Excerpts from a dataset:
● ● ●

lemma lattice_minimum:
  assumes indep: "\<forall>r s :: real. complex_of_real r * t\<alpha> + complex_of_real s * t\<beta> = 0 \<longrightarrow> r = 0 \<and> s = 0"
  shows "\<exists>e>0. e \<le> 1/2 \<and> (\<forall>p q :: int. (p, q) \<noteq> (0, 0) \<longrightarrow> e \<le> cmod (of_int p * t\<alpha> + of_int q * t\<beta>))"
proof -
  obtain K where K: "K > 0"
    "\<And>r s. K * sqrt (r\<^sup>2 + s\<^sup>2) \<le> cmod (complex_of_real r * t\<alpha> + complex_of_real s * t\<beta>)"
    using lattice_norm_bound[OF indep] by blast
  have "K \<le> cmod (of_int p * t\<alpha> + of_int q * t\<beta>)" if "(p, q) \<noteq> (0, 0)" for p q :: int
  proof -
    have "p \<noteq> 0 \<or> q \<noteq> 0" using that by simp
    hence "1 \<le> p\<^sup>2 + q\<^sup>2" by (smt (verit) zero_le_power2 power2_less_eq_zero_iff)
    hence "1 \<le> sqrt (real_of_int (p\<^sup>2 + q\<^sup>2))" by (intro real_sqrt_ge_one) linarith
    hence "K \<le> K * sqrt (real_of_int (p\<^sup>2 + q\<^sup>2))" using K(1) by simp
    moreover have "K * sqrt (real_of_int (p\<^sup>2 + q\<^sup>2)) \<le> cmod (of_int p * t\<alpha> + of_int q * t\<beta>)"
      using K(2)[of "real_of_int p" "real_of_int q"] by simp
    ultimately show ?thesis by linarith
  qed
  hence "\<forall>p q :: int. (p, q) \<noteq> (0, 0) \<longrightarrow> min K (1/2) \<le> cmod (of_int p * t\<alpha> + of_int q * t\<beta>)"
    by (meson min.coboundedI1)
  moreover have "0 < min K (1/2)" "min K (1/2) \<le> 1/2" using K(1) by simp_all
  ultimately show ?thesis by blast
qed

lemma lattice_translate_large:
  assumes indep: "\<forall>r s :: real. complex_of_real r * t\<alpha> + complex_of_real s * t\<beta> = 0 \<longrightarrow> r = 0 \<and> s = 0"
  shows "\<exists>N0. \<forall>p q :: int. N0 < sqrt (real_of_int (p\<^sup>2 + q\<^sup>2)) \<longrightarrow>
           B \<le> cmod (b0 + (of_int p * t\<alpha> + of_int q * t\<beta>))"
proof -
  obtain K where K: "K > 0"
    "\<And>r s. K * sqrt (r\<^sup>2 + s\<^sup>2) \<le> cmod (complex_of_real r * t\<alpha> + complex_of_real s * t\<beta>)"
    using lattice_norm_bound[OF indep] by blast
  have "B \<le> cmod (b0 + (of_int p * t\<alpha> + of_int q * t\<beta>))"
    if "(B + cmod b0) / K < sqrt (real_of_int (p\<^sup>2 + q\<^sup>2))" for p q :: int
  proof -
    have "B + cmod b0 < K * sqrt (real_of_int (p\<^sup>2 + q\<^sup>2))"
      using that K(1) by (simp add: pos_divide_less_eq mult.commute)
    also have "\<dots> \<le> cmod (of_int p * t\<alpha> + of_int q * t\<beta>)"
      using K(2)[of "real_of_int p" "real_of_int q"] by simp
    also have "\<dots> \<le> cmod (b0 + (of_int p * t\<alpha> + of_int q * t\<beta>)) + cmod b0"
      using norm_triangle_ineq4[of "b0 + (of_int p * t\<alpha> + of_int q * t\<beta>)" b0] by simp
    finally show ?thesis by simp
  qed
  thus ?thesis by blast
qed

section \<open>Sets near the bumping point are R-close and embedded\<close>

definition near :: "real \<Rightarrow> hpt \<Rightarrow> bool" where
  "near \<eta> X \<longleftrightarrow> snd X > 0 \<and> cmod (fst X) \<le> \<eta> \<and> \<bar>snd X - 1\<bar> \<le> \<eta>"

● ● ●

PROBLEM REQUIREMENTS: Please return only the lines above, starting at the line that has "using that K(1)" and ending at the line that has "b0] by simp", keeping both and leaving each one unchanged.

EXERCISE RESPONSE:
      using that K(1) by (simp add: pos_divide_less_eq mult.commute)
    also have "\<dots> \<le> cmod (of_int p * t\<alpha> + of_int q * t\<beta>)"
      using K(2)[of "real_of_int p" "real_of_int q"] by simp
    also have "\<dots> \<le> cmod (b0 + (of_int p * t\<alpha> + of_int q * t\<beta>)) + cmod b0"
      using norm_triangle_ineq4[of "b0 + (of_int p * t\<alpha> + of_int q * t\<beta>)" b0] by simp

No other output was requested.